__Assignment__: When the line containing "fix n :: nat" is reached, include it and end there; set down verbatim every line before it, starting at the top of the records.

Stored data entries
□ □ □

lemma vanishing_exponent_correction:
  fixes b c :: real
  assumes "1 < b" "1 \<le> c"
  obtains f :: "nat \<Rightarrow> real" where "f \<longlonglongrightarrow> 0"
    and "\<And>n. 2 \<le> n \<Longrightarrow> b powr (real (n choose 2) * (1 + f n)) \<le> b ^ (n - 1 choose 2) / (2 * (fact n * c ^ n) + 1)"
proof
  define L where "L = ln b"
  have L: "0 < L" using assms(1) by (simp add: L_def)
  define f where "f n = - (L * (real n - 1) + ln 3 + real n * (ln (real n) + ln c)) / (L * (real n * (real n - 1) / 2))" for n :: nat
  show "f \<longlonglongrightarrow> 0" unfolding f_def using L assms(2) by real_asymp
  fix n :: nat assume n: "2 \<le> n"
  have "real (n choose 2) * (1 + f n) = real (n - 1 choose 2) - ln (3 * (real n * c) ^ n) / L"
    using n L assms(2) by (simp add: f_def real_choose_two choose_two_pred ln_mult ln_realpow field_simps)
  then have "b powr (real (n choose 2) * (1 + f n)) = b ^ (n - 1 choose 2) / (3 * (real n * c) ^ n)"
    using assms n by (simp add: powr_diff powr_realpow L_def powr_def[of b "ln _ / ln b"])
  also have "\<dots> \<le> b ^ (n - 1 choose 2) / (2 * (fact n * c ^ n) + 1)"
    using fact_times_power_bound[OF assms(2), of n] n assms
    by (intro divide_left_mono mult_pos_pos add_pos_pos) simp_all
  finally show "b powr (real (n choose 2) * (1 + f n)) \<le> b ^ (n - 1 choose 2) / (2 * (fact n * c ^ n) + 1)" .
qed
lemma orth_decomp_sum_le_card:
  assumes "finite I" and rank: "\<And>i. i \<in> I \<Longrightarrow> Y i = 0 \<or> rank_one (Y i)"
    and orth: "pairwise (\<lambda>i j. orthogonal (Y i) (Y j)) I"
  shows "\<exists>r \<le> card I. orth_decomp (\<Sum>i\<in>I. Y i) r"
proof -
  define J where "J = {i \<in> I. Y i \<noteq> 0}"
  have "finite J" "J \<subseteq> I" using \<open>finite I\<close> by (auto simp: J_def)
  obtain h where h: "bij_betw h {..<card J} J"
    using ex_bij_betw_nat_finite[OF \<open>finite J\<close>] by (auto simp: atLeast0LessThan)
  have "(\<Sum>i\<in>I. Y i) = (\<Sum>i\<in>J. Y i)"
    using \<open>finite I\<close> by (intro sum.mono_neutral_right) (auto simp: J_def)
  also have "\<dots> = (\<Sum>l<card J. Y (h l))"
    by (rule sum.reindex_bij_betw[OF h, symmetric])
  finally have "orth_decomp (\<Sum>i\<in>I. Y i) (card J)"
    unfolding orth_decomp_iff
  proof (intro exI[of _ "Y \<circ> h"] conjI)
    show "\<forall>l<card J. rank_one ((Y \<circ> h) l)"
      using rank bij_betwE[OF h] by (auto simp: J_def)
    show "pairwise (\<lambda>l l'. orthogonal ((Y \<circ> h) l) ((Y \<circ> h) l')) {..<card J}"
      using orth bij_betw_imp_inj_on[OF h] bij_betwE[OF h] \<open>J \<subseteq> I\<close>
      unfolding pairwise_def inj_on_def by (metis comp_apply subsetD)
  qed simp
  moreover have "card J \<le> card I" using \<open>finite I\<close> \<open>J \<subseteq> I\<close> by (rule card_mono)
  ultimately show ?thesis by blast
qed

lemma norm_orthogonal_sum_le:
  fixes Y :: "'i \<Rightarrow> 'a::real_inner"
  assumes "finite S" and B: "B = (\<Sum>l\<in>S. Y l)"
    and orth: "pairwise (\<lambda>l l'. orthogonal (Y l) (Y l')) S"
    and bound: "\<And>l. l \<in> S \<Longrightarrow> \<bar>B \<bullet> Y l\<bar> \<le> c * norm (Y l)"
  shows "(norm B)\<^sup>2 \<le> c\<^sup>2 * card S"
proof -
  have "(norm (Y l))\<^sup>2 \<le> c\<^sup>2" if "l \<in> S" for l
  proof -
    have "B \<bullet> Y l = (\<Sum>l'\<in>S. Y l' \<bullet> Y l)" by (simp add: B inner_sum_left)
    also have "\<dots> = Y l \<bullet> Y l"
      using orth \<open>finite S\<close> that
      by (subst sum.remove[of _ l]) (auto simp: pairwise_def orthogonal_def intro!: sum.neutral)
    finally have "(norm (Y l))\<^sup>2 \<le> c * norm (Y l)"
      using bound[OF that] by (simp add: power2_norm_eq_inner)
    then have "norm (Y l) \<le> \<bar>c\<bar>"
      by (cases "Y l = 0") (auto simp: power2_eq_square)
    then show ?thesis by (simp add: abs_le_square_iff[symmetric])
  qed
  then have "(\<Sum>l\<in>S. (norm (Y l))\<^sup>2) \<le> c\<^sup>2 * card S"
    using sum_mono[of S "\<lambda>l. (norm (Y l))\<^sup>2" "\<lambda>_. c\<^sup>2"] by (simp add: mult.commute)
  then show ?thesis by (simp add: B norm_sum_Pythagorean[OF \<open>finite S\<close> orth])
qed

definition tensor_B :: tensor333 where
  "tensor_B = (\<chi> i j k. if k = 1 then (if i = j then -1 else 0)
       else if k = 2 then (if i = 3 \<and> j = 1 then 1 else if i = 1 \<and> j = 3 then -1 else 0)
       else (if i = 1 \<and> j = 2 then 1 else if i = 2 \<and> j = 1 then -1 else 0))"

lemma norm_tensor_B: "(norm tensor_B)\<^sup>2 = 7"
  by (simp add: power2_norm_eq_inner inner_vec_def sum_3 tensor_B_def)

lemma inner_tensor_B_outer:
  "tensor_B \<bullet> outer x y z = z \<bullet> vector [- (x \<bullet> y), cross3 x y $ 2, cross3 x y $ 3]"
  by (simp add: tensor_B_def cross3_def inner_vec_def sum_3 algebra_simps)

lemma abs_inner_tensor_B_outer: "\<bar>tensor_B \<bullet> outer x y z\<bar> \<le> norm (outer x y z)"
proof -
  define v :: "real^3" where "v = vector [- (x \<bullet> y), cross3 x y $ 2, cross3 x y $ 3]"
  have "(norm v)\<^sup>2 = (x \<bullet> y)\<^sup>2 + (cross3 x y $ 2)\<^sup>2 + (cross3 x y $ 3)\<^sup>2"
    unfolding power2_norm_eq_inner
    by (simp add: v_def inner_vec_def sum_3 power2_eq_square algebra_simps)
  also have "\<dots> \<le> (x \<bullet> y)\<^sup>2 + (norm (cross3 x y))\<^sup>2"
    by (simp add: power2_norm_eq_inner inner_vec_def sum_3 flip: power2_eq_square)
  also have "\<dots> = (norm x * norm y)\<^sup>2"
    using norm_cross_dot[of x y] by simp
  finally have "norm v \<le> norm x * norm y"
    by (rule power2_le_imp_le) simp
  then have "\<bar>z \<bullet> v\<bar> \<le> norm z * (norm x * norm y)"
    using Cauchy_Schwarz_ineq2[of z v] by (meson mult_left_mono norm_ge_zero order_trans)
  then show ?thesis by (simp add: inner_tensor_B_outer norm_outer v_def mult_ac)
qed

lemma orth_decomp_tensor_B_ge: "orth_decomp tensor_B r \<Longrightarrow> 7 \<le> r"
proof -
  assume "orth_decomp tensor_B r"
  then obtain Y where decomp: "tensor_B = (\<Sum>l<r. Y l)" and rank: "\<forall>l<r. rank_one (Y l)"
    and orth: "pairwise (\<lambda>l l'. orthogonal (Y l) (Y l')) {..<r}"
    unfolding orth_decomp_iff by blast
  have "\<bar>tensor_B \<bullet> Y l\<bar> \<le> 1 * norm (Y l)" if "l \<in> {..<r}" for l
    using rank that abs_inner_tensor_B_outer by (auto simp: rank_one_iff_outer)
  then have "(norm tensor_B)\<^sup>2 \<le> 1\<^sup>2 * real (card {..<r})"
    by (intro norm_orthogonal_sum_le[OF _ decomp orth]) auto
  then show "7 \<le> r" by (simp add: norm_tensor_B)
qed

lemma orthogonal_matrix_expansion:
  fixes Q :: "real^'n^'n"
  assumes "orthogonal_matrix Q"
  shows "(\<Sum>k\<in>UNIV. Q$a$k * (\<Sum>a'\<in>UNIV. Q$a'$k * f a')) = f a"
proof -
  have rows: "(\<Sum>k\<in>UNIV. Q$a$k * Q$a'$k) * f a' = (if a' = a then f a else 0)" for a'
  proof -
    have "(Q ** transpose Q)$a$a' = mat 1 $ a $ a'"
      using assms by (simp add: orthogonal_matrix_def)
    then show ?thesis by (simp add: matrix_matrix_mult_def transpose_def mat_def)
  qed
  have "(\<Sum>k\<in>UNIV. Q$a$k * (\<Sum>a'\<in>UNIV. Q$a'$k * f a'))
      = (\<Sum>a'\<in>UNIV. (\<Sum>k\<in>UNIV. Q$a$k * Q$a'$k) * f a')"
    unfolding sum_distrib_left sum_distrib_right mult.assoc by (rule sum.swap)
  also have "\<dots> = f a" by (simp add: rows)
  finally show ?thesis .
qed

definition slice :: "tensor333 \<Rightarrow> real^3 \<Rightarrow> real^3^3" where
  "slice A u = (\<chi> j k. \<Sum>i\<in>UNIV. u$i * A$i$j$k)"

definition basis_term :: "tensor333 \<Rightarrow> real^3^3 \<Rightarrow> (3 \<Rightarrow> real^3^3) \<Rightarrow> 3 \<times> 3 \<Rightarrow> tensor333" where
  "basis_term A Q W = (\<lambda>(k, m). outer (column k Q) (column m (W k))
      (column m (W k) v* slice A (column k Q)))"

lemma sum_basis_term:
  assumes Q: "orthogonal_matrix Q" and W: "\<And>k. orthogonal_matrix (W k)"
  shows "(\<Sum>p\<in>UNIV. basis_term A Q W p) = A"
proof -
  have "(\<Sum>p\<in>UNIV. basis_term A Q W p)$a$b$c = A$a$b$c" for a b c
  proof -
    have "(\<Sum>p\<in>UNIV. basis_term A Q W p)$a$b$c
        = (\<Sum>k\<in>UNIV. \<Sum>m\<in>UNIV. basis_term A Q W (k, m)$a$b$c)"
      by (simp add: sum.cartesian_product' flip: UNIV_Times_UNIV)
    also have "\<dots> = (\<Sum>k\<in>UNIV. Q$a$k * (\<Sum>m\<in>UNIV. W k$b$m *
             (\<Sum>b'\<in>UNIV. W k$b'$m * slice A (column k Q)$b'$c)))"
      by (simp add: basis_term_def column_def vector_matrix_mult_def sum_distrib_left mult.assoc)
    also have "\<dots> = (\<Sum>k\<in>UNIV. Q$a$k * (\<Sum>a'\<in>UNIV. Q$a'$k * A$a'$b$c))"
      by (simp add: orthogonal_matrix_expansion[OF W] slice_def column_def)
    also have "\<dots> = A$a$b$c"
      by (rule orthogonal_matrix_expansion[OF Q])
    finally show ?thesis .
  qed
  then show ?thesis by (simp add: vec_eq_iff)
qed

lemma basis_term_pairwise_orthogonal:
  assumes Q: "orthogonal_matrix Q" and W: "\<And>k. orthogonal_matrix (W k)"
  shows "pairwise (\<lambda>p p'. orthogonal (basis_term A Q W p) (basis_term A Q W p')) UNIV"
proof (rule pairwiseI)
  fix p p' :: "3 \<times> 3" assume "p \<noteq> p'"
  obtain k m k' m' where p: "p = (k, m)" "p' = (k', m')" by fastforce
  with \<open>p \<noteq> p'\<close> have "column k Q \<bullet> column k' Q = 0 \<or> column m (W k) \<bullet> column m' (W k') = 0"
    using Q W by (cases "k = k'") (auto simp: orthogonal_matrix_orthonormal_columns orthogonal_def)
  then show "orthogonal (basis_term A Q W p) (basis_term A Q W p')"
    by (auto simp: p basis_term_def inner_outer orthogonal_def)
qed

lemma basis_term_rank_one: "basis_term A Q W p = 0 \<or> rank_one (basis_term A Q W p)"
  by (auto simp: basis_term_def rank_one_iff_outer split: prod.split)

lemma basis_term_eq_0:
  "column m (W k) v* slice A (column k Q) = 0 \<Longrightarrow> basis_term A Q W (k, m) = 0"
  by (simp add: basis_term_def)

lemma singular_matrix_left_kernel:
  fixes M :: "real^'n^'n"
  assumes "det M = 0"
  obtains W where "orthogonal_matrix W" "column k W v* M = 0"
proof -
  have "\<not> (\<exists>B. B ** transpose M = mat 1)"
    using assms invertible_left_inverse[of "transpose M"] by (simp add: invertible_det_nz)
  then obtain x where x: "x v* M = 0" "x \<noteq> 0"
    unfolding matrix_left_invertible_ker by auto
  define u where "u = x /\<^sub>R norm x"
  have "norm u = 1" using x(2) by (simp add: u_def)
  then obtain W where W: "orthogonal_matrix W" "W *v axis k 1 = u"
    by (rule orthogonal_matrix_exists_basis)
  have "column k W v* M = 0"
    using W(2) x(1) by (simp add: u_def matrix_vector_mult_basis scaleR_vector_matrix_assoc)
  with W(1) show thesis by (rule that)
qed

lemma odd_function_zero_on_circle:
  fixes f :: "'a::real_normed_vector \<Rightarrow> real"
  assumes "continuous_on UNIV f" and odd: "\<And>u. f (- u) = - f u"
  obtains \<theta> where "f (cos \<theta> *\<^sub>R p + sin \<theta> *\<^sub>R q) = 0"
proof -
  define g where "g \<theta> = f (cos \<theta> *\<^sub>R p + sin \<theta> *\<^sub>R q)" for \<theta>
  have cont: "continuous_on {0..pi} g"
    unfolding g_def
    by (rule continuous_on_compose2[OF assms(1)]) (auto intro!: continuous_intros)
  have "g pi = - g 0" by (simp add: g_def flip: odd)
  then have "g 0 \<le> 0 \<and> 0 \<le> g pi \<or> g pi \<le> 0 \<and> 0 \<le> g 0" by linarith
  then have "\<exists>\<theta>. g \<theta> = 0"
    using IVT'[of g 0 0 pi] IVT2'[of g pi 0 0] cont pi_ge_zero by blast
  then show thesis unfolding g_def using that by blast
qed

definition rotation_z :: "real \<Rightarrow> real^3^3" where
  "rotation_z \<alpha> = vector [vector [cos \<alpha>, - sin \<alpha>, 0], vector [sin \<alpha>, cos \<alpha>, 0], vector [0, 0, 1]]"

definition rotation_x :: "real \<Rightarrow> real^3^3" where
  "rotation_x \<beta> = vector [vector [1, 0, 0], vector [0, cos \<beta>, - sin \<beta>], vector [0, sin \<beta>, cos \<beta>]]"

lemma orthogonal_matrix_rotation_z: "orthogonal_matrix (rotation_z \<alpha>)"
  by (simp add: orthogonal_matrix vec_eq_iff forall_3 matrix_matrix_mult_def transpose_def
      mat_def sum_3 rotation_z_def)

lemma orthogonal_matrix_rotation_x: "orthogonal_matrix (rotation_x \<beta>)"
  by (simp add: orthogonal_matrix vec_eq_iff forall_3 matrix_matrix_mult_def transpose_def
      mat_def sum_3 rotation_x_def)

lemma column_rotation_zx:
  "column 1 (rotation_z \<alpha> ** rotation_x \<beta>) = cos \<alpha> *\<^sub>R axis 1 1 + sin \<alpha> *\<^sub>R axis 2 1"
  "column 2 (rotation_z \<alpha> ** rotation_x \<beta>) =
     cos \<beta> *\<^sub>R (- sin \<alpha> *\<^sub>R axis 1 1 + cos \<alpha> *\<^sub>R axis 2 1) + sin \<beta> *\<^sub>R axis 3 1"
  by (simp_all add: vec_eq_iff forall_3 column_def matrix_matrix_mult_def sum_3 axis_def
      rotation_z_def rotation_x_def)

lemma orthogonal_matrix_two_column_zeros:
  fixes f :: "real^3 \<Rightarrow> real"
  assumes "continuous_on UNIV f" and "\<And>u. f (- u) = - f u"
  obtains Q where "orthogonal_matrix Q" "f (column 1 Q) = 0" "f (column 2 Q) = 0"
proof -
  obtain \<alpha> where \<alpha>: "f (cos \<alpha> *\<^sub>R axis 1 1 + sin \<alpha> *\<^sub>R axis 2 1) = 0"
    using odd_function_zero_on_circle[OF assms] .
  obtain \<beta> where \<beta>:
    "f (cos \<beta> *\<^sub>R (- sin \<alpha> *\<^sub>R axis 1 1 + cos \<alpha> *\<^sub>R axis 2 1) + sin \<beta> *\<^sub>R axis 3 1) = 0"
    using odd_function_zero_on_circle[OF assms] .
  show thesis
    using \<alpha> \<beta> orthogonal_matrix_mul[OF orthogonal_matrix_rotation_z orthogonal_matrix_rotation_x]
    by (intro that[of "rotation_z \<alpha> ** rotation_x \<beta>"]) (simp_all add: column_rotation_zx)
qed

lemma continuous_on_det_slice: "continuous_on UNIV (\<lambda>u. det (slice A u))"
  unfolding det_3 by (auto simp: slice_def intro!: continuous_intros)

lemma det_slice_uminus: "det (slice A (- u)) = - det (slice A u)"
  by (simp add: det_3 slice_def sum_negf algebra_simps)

□ □ □

__Output of the exercise__:
lemma vanishing_exponent_correction:
  fixes b c :: real
  assumes "1 < b" "1 \<le> c"
  obtains f :: "nat \<Rightarrow> real" where "f \<longlonglongrightarrow> 0"
    and "\<And>n. 2 \<le> n \<Longrightarrow> b powr (real (n choose 2) * (1 + f n)) \<le> b ^ (n - 1 choose 2) / (2 * (fact n * c ^ n) + 1)"
proof
  define L where "L = ln b"
  have L: "0 < L" using assms(1) by (simp add: L_def)
  define f where "f n = - (L * (real n - 1) + ln 3 + real n * (ln (real n) + ln c)) / (L * (real n * (real n - 1) / 2))" for n :: nat
  show "f \<longlonglongrightarrow> 0" unfolding f_def using L assms(2) by real_asymp
  fix n :: nat assume n: "2 \<le> n"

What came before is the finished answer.